New Contributor
Posts: 3

# PROC ARIMA Variance Estimate Question

I'd appreciate if anyone can explain to me how SAS's PROC ARIMA calculates the Variance Estimate of the residual series?  I have not been able to replicate it.

From the SAS documentation:

The "Variance Estimate" is the variance of the residual series

SAS/ETS(R) 9.2 User's Guide

The results of my ARIMA fit produce the following:

 Constant Estimate 0.0238 Variance Estimate 0.00014 Std Error Estimate 0.011849 AIC -233.52 SBC -218.32 Number of Residuals 40

I would like to replicate the 0.00014 Variance Estimate.  To do so, I grab the 40 residuals from my ARIMA and run a variance calculation on them using query builder and it does not match.  I dump the data in excel and neither a population or sample variance produce the same result.  Can someone please explain to me what is happening with SAS's variance estimate?

Thank you.  (Residuals have been listed below)

0.0131739783

-0.001648352

0.0055679254

0.0033041448

-0.027348282

-0.018087132

-0.002878327

-0.004774205

0.0074996639

-0.012934558

-0.003643018

0.0033317717

0.0143422014

-0.002557585

-0.005269819

0.0097004778

0.0143494424

-0.022979957

0.0111023891

-0.008277071

-0.023881134

0.0024810503

-0.002777949

-0.007590526

0.0033606953

0.0099064146

-0.001947414

0.0028343645

0.0027540412

-0.003686471

-0.001714685

-0.014344516

0.0114885326

-0.001812683

0.0092582282

0.0058740413

0.0033302227

0.0009109483

0.0153236155

0.005019864

SAS Super FREQ
Posts: 4,240

## Re: PROC ARIMA Variance Estimate Question

My guess is that these residuals were copied from some ODS output?  The mean of these 40 numbers

is -0.000331, whereas true residuals would sum to zero (or numerically, to a smaller number such as 1e-16).

Create an output data set that contains the residuals and then use

PROC MEANS N var;

run;

I suspect (hope) that you will get a variance that agrees with PROC ARIMA.

New Contributor
Posts: 3

## Re: PROC ARIMA Variance Estimate Question

Hi Rick,

Thank you for your reply.  I used query builder to attempt the VAR and MEAN calculations.  The mean is -0.000330992 working directly from the actual ARIMA output and the var still does not equal the report from PROC ARIMA.

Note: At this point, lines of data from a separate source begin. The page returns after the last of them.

lemma weighted_integral_pos:
  assumes "q \<noteq> 0" and q_nonneg: "\<And>x. x \<in> {a..b} \<Longrightarrow> 0 \<le> poly q x"
  shows "0 < integral {a..b} (\<lambda>x. poly q x * \<omega> x)"
proof -
  have cont: "continuous_on {a..b} (\<lambda>x. poly q x * \<omega> x)"
    by (intro continuous_intros weight_cont)
  have nonneg: "\<And>x. x \<in> {a..b} \<Longrightarrow> 0 \<le> poly q x * \<omega> x"
    using q_nonneg weight_nonneg by simp
  have "0 \<le> integral {a..b} (\<lambda>x. poly q x * \<omega> x)"
    using cont nonneg integrable_continuous_real by (blast intro: integral_nonneg)
  moreover have "integral {a..b} (\<lambda>x. poly q x * \<omega> x) \<noteq> 0"
  proof
    assume "integral {a..b} (\<lambda>x. poly q x * \<omega> x) = 0"
    then have "\<forall>x\<in>{a..b}. poly q x * \<omega> x = 0"
      using integral_eq_0_iff[OF cont a_less_b] nonneg by blast
    then have "{a<..<b} \<subseteq> {x. poly q x = 0}"
      using weight_pos by fastforce
    then have "finite {a<..<b}"
      using poly_roots_finite[OF \<open>q \<noteq> 0\<close>] finite_subset by blast
    with infinite_Ioo[OF a_less_b] show False by blast
  qed
  ultimately show ?thesis by simp
qed

text \<open>Its square, possibly times a linear factor, is the test polynomial of the classical
  arguments below.\<close>
definition node_poly :: "nat \<Rightarrow> real poly" where
  "node_poly k = (\<Prod>i\<in>{1..n}-{k}. [:- s i, 1:])"

lemma poly_node_poly: "poly (node_poly k) x = (\<Prod>i\<in>{1..n}-{k}. x - s i)"
  by (simp add: node_poly_def poly_prod)

lemma node_poly_nonzero: "node_poly k \<noteq> 0"
  by (simp add: node_poly_def)

lemma degree_node_poly:
  assumes "k \<in> {1..n}" shows "degree (node_poly k) \<le> n - 1"
proof -
  have "degree (node_poly k) \<le> sum (degree \<circ> (\<lambda>i. [:- s i, 1:])) ({1..n}-{k})"
    unfolding node_poly_def by (rule degree_prod_sum_le) simp
  also have "\<dots> = n - 1" using assms by simp
  finally show ?thesis .
qed

lemma degree_node_poly_square:
  assumes "k \<in> {1..n}" shows "degree (node_poly k ^ 2) \<le> 2 * (n - 1)"
  using degree_power_le[of "node_poly k" 2] degree_node_poly[OF assms] by simp

lemma node_poly_at_other_node:
  assumes "l \<in> {1..n}" "l \<noteq> k" shows "poly (node_poly k) (s l) = 0"
  unfolding poly_node_poly using assms by (intro prod_zero) auto

lemma sum_nodes_single:
  assumes k: "k \<in> {1..n}" and vanish: "\<And>l. l \<in> {1..n} \<Longrightarrow> l \<noteq> k \<Longrightarrow> poly q (s l) = 0"
  shows "(\<Sum>l=1..n. w l * poly q (s l)) = w k * poly q (s k)"
proof -
  have "(\<Sum>l=1..n. w l * poly q (s l)) = w k * poly q (s k) + (\<Sum>l\<in>{1..n}-{k}. w l * poly q (s l))"
    using k by (simp add: sum.remove)
  also have "(\<Sum>l\<in>{1..n}-{k}. w l * poly q (s l)) = 0"
    using vanish by (intro sum.neutral) auto
  finally show ?thesis by simp
qed

lemma nodes_distinct:
  assumes i: "i \<in> {1..n}" and k: "k \<in> {1..n}" and "i \<noteq> k"
  shows "s i \<noteq> s k"
proof
  assume same: "s i = s k"
  define q where "q = node_poly k ^ 2"
  have "degree q \<le> 2*n-1"
    unfolding q_def using degree_node_poly_square[OF k] n_pos by simp
  then have "integral {a..b} (\<lambda>x. poly q x * \<omega> x) = (\<Sum>l=1..n. w l * poly q (s l))"
    by (rule exact[symmetric])
  also have "\<dots> = 0"
  proof (intro sum.neutral ballI)
    fix l assume l: "l \<in> {1..n}"
    have "poly (node_poly k) (s l) = 0"
    proof (cases "l = k")
      case True
      then show ?thesis using node_poly_at_other_node[OF i \<open>i \<noteq> k\<close>] same by simp
    qed (use node_poly_at_other_node[OF l] in simp)
    then show "w l * poly q (s l) = 0" by (simp add: q_def)
  qed
  moreover have "0 < integral {a..b} (\<lambda>x. poly q x * \<omega> x)"
    by (rule weighted_integral_pos) (auto simp: q_def node_poly_nonzero)
  ultimately show False by simp
qed

lemma node_poly_at_own_node: "k \<in> {1..n} \<Longrightarrow> poly (node_poly k) (s k) \<noteq> 0"
  unfolding poly_node_poly using nodes_distinct by (auto simp: prod_zero_iff)

lemma weights_nonneg:
  assumes k: "k \<in> {1..n}" shows "0 \<le> w k"
proof -
  define q where "q = node_poly k ^ 2"
  have "degree q \<le> 2*n-1"
    unfolding q_def using degree_node_poly_square[OF k] n_pos by simp
  then have "integral {a..b} (\<lambda>x. poly q x * \<omega> x) = (\<Sum>l=1..n. w l * poly q (s l))"
    by (rule exact[symmetric])
  also have "\<dots> = w k * poly q (s k)"
    by (rule sum_nodes_single[OF k]) (simp add: q_def node_poly_at_other_node)
  finally have "w k * poly q (s k) = integral {a..b} (\<lambda>x. poly q x * \<omega> x)" ..
  also have "\<dots> > 0"
    by (rule weighted_integral_pos) (auto simp: q_def node_poly_nonzero)
  finally show ?thesis
    using node_poly_at_own_node[OF k] by (simp add: q_def zero_less_mult_iff)
qed

lemma nodes_in_interval:
  assumes k: "k \<in> {1..n}" shows "s k \<in> {a..b}"
proof (rule ccontr)
  assume "s k \<notin> {a..b}"
  then obtain c :: real where c: "c \<noteq> 0" and pos: "\<And>x. x \<in> {a..b} \<Longrightarrow> 0 < c * (x - s k)"
    by (cases "s k < a") (auto intro: that[of 1] that[of "-1"])
  \<comment> \<open>positive on \<open>[a,b]\<close>, but zero at every node\<close>
  define q where "q = node_poly k ^ 2 * [:- c * s k, c:]"
  have poly_q: "poly q x = poly (node_poly k) x ^ 2 * (c * (x - s k))" for x
    by (simp add: q_def algebra_simps)
  have "degree q \<le> degree (node_poly k ^ 2) + degree [:- c * s k, c:]"
    unfolding q_def by (rule degree_mult_le)
  also have "\<dots> \<le> 2*n-1"
    using degree_node_poly_square[OF k] n_pos c by simp
  finally have "(\<Sum>l=1..n. w l * poly q (s l)) = integral {a..b} (\<lambda>x. poly q x * \<omega> x)"
    by (rule exact)
  moreover have "(\<Sum>l=1..n. w l * poly q (s l)) = w k * poly q (s k)"
    by (rule sum_nodes_single[OF k]) (simp add: poly_q node_poly_at_other_node)
  moreover have "poly q (s k) = 0" by (simp add: poly_q)
  moreover have "0 < integral {a..b} (\<lambda>x. poly q x * \<omega> x)"
  proof (rule weighted_integral_pos)
    have "[:- c * s k, c:] \<noteq> 0" using c by simp
    then show "q \<noteq> 0"
      unfolding q_def using node_poly_nonzero[of k] by (metis mult_eq_0_iff power_not_zero)
    show "0 \<le> poly q x" if "x \<in> {a..b}" for x using pos[OF that] by (simp add: poly_q)
  qed
  ultimately show False by simp
qed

I've read up a bit more on ARIMA variance of residuals and believe this issue has more to do with the idea that a simple VAR of residuals is not appropriate for ARIMA models when there is autocorrelation in the original time-series.  So what we have here is Conditional Variance apparently.  So if possible, can someone please explain to me how to properly estimate the Conditional Variance of these residuals.....assuming that is what PROC ARIMA is doing?

Thanks again,

Greg

Posts: 2,655

## Re: PROC ARIMA Variance Estimate Question

Please don't consider this a smart-aleck answer, but the best way to calculate the variance of the residuals for an ARIMA process is to use PROC ARIMA.

I suppose that you could feed the raw data into PROC MIXED, and with appropriate coding of fixed effects, and much work with the covariance structures, get out an estimate.

I would not do it by hand, as there are too many matrix operations involved to get reasonable answers.

Steve Denham

New Contributor
Posts: 3

## Re: PROC ARIMA Variance Estimate Question

Thanks for the reply Steve.  Regardless of the complexity, I would still like to understand how this variance estimate is performed to ensure I can thoroughly explain the methodology behind the forecasts I am producing.  Are there a couple blogs or online papers someone could direct me to that provides an overview of the approach?

Posts: 2,655

## Re: PROC ARIMA Variance Estimate Question

Have you searched through the NIST statistics handbook?  It references Brockwell and Davis, 1991 Introrduction to Times Series and Forecasting, 2nd ed. as a source for the likelihood function used.  I would say to go there, and be prepared for the matrix algebra, if you want to really understand how those parameters are estimated.  I'll be honest--it would take me a week to begin to understand it, and I feel pretty comfortable with the matrix algebra involved with generalized linear mixed models.

Short answer: The value you are looking for is the square root of the variance component corresponding to the residual error for a non-linear optimization using the likelihood function for a Box-Jenkins process.